• **Exercise aim**: Return exactly the listing's lines, from its first line to the line holding "text \<open>The loop", ends included.

• **Stored data**:
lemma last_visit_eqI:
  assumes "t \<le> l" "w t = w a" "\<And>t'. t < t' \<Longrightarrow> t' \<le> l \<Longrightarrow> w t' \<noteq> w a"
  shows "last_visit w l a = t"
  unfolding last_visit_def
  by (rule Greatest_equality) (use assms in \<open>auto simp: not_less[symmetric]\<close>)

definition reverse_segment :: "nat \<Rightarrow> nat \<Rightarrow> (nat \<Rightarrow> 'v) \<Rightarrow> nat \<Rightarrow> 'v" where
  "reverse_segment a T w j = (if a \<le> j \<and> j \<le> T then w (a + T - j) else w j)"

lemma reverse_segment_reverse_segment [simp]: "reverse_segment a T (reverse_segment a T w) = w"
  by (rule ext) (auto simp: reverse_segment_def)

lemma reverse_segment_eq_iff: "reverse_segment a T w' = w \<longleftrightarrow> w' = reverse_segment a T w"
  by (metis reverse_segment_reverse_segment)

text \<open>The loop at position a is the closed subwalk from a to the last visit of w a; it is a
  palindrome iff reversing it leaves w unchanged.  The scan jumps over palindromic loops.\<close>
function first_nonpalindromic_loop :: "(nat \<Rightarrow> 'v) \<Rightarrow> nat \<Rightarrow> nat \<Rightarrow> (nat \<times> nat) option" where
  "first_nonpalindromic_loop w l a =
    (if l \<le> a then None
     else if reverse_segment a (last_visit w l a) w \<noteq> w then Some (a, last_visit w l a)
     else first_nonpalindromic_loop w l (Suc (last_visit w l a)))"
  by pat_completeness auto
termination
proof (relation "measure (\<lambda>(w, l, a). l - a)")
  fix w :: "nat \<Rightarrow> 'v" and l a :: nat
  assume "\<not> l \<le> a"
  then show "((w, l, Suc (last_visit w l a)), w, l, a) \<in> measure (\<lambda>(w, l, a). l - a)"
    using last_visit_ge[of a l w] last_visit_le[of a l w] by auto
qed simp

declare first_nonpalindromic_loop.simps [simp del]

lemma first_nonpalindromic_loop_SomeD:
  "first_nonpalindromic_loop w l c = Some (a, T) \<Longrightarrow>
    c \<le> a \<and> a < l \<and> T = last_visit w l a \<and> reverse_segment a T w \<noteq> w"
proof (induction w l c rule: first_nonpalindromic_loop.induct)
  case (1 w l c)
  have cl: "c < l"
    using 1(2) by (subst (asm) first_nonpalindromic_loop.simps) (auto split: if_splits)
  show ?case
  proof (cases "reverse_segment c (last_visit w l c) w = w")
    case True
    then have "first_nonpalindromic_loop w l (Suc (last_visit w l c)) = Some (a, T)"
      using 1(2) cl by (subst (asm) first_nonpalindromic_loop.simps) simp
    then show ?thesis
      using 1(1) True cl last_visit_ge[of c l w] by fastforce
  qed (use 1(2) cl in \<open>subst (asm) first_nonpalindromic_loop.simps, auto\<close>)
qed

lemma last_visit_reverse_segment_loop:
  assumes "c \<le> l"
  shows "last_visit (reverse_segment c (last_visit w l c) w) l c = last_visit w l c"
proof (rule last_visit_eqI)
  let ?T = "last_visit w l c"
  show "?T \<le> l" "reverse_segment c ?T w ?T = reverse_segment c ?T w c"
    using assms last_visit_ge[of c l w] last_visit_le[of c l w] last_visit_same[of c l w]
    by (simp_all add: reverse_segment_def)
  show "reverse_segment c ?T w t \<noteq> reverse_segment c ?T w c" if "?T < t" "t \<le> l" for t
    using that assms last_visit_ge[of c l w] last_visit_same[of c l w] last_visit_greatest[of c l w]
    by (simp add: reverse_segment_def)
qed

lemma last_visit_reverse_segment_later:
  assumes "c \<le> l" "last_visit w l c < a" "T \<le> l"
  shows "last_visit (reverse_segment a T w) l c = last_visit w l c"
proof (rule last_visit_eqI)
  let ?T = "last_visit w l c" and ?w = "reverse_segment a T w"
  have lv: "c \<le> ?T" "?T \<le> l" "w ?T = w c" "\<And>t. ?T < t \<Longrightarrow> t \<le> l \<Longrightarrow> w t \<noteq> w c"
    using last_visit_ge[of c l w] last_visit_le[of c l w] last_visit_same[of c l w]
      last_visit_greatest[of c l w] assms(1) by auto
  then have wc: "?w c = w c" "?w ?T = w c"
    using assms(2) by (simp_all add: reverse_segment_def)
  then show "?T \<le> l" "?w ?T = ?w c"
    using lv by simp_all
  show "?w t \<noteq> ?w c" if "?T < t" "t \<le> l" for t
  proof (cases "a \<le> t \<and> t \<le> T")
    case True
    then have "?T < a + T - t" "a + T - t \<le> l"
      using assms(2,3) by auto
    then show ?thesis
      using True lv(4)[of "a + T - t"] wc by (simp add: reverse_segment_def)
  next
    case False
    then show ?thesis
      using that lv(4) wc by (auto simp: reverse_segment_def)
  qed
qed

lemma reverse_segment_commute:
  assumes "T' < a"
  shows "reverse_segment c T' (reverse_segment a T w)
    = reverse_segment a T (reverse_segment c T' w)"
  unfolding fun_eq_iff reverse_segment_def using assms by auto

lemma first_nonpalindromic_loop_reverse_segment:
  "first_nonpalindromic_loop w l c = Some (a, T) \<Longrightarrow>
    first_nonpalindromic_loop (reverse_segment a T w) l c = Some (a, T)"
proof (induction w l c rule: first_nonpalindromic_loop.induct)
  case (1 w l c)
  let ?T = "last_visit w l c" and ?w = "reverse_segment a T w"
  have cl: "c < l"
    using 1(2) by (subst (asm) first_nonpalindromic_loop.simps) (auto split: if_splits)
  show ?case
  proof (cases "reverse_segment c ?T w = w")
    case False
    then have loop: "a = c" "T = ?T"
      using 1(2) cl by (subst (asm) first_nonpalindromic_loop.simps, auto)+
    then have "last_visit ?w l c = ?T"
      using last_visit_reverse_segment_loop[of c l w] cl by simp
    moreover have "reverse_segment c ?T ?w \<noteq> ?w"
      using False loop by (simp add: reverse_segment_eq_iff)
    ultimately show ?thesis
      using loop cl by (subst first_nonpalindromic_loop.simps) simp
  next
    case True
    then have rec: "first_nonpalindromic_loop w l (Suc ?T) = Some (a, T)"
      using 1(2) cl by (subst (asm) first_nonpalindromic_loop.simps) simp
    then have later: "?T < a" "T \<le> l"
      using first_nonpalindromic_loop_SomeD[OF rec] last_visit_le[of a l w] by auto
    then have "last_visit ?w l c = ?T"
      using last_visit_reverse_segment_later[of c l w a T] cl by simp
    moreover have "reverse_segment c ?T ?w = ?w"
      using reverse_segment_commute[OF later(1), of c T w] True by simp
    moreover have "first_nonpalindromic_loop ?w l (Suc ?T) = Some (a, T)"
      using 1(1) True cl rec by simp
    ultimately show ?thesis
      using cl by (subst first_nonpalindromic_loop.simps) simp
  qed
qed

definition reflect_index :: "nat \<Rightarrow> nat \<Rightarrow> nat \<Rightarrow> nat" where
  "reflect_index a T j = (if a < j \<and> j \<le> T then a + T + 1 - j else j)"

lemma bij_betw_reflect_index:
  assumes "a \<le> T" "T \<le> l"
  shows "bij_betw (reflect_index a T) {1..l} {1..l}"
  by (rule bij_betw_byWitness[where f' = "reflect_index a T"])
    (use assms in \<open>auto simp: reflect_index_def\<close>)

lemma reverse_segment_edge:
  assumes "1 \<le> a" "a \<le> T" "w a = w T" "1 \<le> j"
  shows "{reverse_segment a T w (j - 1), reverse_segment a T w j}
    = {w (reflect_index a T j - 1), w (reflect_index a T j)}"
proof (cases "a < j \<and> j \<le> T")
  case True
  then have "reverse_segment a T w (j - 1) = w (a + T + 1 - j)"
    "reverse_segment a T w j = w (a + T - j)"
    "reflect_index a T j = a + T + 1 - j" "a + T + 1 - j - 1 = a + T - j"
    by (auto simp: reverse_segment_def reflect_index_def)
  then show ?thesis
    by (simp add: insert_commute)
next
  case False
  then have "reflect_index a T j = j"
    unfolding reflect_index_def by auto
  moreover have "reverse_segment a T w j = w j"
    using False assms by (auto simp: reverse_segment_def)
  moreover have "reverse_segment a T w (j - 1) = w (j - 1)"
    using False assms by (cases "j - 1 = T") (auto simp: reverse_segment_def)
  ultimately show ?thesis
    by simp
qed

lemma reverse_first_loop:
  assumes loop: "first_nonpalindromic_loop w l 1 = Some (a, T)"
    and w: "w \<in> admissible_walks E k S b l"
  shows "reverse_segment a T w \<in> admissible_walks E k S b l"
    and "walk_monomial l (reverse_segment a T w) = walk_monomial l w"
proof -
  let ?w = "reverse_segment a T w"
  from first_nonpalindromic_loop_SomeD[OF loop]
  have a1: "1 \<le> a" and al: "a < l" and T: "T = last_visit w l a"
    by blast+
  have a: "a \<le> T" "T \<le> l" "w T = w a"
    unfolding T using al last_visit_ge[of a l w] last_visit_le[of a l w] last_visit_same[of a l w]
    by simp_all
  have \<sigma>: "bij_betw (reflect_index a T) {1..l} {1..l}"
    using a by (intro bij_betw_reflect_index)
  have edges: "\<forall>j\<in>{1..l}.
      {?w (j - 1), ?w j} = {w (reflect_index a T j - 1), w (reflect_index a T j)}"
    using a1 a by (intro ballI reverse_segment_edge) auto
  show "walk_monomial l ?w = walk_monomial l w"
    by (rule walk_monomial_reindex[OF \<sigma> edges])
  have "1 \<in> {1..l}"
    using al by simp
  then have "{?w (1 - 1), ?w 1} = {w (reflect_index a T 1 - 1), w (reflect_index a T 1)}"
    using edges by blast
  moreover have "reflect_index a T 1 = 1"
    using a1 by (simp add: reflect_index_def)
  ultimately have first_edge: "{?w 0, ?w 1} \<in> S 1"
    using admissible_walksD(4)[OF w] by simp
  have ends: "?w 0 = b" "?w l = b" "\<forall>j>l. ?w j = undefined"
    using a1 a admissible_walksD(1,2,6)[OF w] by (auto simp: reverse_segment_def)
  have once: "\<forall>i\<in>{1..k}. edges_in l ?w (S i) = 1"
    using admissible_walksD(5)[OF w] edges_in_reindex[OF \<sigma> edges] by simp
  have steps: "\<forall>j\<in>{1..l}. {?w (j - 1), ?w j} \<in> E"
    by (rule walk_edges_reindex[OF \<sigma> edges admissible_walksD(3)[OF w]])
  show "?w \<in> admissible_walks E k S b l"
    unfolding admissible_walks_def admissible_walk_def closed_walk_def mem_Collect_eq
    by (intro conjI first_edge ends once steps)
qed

• **Result**:
lemma last_visit_eqI:
  assumes "t \<le> l" "w t = w a" "\<And>t'. t < t' \<Longrightarrow> t' \<le> l \<Longrightarrow> w t' \<noteq> w a"
  shows "last_visit w l a = t"
  unfolding last_visit_def
  by (rule Greatest_equality) (use assms in \<open>auto simp: not_less[symmetric]\<close>)

definition reverse_segment :: "nat \<Rightarrow> nat \<Rightarrow> (nat \<Rightarrow> 'v) \<Rightarrow> nat \<Rightarrow> 'v" where
  "reverse_segment a T w j = (if a \<le> j \<and> j \<le> T then w (a + T - j) else w j)"

lemma reverse_segment_reverse_segment [simp]: "reverse_segment a T (reverse_segment a T w) = w"
  by (rule ext) (auto simp: reverse_segment_def)

lemma reverse_segment_eq_iff: "reverse_segment a T w' = w \<longleftrightarrow> w' = reverse_segment a T w"
  by (metis reverse_segment_reverse_segment)

text \<open>The loop at position a is the closed subwalk from a to the last visit of w a; it is a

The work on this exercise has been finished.